[Stored data]
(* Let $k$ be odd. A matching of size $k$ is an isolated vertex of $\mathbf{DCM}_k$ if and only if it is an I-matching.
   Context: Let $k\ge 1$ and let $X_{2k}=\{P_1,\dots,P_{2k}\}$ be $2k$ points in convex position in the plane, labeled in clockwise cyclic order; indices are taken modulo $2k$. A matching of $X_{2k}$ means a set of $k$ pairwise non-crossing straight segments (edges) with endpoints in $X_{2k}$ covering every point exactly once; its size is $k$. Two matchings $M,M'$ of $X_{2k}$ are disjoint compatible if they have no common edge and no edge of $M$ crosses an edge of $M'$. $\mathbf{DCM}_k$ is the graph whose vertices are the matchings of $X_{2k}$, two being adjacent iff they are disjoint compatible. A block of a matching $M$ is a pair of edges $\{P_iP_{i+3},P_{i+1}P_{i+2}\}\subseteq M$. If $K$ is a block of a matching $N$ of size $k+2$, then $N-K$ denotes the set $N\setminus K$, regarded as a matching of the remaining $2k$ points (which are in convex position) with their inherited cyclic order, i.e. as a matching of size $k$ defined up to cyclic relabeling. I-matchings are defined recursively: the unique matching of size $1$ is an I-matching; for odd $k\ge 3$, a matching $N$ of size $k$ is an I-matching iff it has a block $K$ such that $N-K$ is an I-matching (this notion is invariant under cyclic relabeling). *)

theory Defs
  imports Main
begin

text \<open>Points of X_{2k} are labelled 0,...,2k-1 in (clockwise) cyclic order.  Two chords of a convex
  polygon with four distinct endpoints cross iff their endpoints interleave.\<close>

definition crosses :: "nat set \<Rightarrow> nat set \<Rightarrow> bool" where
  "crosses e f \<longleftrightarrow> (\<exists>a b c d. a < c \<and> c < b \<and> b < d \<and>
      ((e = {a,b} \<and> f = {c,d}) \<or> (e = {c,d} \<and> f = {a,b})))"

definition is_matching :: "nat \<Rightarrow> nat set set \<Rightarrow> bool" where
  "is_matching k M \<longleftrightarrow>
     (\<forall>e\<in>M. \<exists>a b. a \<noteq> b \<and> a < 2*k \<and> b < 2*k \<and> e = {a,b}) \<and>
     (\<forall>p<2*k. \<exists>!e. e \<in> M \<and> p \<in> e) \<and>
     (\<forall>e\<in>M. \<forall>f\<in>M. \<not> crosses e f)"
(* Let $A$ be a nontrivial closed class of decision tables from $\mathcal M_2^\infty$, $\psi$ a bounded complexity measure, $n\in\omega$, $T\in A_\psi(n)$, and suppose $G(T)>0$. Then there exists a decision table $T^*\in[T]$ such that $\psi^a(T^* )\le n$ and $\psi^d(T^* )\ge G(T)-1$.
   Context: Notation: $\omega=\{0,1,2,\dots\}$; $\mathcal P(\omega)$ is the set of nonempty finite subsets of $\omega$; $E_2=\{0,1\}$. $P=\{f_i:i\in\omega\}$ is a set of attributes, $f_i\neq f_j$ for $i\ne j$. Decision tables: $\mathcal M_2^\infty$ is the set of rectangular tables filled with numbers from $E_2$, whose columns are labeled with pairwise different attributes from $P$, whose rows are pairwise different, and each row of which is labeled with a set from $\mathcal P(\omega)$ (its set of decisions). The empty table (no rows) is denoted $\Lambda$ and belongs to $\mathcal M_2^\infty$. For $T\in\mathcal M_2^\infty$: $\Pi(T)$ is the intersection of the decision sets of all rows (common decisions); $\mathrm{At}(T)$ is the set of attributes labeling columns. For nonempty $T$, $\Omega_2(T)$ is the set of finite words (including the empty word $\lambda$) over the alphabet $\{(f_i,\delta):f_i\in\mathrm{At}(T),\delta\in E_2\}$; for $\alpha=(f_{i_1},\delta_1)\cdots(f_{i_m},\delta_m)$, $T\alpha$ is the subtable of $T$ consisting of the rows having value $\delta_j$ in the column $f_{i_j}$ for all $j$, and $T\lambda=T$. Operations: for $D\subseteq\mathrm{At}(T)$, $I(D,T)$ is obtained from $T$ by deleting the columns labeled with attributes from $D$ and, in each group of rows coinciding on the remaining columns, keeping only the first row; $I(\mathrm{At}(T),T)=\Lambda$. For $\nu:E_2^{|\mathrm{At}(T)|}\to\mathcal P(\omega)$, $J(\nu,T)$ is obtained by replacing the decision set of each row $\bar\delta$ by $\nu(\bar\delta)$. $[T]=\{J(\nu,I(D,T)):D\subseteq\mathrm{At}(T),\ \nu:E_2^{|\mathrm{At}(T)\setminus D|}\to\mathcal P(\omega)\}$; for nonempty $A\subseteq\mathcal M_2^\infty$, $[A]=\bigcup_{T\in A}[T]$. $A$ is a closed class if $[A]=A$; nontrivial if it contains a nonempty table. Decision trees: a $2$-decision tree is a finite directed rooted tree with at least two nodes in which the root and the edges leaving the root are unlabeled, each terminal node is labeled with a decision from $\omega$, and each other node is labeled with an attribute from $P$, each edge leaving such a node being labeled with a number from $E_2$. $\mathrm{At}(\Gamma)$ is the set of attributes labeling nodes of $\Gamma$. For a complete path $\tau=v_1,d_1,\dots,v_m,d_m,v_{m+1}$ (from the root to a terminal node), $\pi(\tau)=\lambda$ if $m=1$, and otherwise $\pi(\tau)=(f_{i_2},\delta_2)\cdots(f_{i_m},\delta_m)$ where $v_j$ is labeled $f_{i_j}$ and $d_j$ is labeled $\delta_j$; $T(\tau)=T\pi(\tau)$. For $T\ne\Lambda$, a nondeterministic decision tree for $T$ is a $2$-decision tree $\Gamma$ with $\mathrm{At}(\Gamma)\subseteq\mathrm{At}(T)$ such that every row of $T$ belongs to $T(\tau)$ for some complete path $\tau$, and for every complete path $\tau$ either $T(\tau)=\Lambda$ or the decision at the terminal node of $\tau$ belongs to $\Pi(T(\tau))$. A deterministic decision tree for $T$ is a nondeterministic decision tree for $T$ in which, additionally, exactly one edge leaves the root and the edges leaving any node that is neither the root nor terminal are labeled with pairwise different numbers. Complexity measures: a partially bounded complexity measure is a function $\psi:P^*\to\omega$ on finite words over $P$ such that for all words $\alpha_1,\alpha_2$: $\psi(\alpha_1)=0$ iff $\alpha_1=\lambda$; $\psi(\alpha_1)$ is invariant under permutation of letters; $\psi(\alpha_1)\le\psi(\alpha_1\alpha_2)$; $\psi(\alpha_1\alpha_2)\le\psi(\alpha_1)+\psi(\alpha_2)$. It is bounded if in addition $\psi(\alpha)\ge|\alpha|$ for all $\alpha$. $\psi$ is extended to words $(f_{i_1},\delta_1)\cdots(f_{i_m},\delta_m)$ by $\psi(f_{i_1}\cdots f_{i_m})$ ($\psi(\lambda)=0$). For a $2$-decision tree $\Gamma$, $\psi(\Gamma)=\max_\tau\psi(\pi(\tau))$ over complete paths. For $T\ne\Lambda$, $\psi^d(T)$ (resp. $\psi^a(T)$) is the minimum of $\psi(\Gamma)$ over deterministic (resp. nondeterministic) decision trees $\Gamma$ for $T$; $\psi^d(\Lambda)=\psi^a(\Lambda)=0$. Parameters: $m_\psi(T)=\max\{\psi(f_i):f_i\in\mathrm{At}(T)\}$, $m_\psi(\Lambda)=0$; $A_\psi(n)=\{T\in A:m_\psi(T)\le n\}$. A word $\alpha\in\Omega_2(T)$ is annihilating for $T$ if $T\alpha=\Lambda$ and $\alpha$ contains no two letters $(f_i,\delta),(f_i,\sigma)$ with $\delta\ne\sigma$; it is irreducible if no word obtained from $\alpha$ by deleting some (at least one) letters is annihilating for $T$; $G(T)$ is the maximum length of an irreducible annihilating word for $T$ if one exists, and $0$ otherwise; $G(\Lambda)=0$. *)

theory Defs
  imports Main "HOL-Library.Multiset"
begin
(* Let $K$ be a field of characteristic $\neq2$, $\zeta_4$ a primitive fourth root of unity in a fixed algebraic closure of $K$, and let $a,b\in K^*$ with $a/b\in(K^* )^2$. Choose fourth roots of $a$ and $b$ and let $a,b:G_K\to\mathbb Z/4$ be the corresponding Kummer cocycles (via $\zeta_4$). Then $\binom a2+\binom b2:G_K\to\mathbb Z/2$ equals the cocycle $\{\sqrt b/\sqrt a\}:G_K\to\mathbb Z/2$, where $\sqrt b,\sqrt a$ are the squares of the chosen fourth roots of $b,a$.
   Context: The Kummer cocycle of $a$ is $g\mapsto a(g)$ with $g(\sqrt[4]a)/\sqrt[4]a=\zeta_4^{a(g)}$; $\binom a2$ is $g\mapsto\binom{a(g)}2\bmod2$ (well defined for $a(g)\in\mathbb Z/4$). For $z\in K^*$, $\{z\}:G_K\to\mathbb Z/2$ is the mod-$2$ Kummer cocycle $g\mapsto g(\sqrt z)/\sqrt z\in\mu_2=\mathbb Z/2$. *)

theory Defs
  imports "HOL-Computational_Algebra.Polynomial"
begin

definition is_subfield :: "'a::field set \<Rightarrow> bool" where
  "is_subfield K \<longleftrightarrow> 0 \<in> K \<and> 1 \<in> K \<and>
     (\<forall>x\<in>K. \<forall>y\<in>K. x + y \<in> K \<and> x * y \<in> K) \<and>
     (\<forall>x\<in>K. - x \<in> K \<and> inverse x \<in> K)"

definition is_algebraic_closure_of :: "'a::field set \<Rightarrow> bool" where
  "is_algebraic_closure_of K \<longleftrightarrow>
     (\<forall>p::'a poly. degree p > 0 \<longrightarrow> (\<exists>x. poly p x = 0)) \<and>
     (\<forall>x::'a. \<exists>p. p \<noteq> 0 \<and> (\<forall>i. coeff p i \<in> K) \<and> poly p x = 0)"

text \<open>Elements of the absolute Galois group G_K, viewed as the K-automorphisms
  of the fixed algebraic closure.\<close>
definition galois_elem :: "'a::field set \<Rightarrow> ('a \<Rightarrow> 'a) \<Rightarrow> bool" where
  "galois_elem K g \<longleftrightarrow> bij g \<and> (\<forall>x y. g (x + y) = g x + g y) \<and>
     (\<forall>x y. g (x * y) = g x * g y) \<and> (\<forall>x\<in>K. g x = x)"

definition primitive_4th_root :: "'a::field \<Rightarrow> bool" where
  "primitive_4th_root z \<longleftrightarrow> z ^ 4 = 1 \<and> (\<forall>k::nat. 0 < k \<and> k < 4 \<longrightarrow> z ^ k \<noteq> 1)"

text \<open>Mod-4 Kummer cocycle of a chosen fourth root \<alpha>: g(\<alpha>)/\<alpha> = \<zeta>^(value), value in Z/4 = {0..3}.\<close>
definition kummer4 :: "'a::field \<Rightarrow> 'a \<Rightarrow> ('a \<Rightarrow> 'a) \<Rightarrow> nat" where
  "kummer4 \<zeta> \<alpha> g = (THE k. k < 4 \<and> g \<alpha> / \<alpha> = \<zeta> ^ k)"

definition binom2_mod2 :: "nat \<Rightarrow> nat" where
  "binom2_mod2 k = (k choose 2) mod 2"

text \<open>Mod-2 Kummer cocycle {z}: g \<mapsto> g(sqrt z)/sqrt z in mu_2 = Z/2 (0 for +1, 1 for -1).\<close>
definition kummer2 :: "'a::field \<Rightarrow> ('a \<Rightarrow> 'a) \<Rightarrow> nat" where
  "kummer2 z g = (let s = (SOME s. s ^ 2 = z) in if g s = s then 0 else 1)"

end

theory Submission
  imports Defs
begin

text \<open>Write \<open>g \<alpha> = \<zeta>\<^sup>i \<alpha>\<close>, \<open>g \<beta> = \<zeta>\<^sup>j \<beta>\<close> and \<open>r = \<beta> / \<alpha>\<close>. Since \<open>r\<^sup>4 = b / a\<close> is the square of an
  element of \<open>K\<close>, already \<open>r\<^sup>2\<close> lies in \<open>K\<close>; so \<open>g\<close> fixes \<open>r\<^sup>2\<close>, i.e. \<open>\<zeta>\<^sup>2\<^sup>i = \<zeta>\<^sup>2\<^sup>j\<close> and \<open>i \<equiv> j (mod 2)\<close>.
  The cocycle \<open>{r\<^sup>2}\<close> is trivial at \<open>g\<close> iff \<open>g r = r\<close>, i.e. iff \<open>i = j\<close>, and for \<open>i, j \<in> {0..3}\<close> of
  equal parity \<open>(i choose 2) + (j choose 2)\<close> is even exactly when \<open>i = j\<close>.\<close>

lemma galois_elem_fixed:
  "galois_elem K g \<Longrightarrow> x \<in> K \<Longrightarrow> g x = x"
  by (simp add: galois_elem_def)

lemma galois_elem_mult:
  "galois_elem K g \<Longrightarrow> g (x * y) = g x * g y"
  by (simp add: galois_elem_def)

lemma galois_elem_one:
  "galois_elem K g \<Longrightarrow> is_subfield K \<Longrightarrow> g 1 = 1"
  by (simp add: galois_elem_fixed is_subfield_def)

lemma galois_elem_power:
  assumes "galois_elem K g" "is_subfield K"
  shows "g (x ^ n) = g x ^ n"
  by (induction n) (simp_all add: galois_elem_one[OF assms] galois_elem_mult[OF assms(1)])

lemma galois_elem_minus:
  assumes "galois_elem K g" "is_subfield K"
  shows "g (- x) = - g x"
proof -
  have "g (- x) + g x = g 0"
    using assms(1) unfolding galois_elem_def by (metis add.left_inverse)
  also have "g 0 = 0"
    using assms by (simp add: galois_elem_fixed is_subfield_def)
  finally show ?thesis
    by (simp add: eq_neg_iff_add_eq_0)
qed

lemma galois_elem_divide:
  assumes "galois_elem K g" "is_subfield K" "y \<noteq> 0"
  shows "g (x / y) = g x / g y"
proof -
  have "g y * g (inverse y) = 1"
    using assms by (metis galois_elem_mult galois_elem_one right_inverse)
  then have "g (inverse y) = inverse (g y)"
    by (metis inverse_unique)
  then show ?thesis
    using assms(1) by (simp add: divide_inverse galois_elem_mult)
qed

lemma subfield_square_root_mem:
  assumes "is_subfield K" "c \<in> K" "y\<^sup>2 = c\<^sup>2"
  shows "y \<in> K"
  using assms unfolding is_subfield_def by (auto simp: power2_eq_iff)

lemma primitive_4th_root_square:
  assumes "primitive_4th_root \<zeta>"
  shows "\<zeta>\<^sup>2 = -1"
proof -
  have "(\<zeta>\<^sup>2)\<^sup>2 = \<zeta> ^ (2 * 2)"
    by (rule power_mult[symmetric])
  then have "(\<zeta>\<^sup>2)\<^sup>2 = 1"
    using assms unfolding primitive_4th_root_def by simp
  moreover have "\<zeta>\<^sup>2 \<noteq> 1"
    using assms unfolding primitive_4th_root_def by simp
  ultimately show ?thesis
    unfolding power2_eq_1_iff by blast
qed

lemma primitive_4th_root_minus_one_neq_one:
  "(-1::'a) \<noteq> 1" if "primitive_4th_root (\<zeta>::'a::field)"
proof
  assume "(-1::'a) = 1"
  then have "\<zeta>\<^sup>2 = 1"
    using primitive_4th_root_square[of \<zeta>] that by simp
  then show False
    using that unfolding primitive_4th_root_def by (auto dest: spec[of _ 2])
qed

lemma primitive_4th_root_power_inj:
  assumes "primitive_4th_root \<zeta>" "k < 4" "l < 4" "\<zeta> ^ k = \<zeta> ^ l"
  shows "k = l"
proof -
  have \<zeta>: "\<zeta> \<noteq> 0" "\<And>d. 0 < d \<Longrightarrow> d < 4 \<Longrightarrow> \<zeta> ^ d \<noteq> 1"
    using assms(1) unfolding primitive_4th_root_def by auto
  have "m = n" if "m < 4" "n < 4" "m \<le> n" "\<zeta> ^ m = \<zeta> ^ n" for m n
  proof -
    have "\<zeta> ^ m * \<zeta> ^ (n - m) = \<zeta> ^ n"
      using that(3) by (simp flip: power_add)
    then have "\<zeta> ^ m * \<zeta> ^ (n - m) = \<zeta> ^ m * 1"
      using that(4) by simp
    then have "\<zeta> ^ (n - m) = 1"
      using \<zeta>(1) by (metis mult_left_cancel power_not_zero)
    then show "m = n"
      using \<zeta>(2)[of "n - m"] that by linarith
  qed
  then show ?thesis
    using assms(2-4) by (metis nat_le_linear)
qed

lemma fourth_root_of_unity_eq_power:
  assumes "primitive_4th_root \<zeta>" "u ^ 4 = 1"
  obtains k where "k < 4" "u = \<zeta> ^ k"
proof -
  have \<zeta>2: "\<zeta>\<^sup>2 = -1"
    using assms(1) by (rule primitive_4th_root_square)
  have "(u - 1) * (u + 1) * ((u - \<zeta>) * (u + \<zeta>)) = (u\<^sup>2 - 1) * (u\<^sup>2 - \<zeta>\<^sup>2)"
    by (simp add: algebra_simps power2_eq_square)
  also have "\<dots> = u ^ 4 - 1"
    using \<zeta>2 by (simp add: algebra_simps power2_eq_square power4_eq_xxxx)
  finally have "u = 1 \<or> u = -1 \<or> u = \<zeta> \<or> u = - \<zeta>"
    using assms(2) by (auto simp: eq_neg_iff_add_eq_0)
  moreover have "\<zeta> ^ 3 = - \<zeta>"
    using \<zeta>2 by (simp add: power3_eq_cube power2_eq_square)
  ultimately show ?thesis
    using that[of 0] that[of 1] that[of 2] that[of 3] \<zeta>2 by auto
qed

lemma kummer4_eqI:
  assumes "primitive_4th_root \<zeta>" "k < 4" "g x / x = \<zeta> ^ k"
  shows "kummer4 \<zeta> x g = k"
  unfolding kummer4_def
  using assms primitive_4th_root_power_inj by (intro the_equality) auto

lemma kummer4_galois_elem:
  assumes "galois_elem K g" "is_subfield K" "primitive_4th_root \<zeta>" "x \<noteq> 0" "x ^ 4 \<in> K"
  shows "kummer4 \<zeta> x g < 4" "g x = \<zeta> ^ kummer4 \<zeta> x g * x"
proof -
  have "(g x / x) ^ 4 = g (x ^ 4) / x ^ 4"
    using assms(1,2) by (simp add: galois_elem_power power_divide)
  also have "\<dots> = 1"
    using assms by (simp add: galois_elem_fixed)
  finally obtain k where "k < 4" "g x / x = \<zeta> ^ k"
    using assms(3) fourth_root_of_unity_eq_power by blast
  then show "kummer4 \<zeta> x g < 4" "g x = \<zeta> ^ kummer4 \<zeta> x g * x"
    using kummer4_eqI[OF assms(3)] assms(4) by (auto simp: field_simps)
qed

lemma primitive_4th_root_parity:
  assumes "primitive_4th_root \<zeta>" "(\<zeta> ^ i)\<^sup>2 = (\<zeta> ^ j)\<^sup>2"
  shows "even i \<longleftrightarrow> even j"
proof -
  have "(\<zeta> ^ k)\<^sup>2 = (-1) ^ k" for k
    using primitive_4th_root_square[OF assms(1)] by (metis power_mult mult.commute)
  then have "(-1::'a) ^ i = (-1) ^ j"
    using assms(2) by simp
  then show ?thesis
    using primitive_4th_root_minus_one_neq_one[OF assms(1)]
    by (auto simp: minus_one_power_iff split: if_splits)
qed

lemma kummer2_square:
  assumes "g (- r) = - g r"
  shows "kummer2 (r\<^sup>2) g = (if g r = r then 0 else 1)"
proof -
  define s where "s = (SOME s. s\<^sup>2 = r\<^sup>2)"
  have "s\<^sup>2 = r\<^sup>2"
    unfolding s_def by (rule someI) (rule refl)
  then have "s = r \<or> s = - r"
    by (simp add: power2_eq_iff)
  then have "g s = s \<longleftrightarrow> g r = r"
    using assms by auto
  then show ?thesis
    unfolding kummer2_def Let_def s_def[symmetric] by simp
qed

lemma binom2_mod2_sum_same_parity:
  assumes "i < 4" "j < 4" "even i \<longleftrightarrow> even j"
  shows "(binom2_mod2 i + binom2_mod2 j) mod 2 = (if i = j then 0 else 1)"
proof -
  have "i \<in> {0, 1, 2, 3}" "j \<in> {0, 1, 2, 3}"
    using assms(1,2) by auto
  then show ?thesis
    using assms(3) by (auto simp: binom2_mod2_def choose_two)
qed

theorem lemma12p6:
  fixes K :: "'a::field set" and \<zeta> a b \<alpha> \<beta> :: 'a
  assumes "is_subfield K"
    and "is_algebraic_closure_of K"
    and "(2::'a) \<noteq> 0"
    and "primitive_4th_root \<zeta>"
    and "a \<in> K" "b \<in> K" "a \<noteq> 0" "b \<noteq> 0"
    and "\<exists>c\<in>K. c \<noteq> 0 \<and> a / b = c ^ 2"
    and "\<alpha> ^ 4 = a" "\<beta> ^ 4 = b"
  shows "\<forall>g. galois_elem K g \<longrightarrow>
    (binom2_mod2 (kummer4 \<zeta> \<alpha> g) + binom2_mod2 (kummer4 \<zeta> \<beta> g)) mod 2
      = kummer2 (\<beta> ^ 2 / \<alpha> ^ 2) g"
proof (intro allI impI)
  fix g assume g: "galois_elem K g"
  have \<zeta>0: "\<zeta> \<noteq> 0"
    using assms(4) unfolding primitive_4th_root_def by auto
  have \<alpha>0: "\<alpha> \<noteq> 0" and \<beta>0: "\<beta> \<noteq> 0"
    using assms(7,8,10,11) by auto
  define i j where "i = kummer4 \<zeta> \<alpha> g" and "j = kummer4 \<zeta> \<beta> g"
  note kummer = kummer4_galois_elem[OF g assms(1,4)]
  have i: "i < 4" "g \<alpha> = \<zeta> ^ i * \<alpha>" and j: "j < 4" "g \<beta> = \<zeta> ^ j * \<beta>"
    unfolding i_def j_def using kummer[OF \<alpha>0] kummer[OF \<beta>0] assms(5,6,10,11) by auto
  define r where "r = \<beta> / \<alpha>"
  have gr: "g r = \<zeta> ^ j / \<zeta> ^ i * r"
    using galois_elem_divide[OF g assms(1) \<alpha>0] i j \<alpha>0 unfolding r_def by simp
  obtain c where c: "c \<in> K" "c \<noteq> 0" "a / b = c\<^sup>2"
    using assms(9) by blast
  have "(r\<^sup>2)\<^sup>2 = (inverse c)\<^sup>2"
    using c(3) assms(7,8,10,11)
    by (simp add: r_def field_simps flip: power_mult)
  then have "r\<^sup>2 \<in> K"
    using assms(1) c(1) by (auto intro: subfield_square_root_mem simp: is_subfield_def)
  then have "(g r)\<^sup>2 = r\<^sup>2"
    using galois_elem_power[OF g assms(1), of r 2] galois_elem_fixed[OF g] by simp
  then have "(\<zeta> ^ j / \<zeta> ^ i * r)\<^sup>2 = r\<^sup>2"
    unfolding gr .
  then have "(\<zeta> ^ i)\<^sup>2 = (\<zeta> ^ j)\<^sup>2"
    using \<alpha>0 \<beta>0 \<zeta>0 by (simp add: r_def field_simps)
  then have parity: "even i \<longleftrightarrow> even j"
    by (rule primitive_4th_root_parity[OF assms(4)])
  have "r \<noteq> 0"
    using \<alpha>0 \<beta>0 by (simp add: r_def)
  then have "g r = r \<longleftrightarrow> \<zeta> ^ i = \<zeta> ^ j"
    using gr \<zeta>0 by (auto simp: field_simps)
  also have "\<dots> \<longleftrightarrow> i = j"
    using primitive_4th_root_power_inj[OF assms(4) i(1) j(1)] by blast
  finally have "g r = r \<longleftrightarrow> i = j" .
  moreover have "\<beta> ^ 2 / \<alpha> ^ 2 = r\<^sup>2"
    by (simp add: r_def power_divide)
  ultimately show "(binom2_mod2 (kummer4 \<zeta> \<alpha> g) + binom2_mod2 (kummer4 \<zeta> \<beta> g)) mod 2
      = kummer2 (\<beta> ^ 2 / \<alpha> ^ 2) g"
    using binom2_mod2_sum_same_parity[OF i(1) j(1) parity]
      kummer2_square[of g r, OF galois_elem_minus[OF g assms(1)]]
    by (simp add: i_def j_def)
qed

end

• _WHAT TO DO_:
Check each line of the records above for the word "mathbb", then give the number of lines that have it, with no other words.

• _YOUR SOLUTION_:
2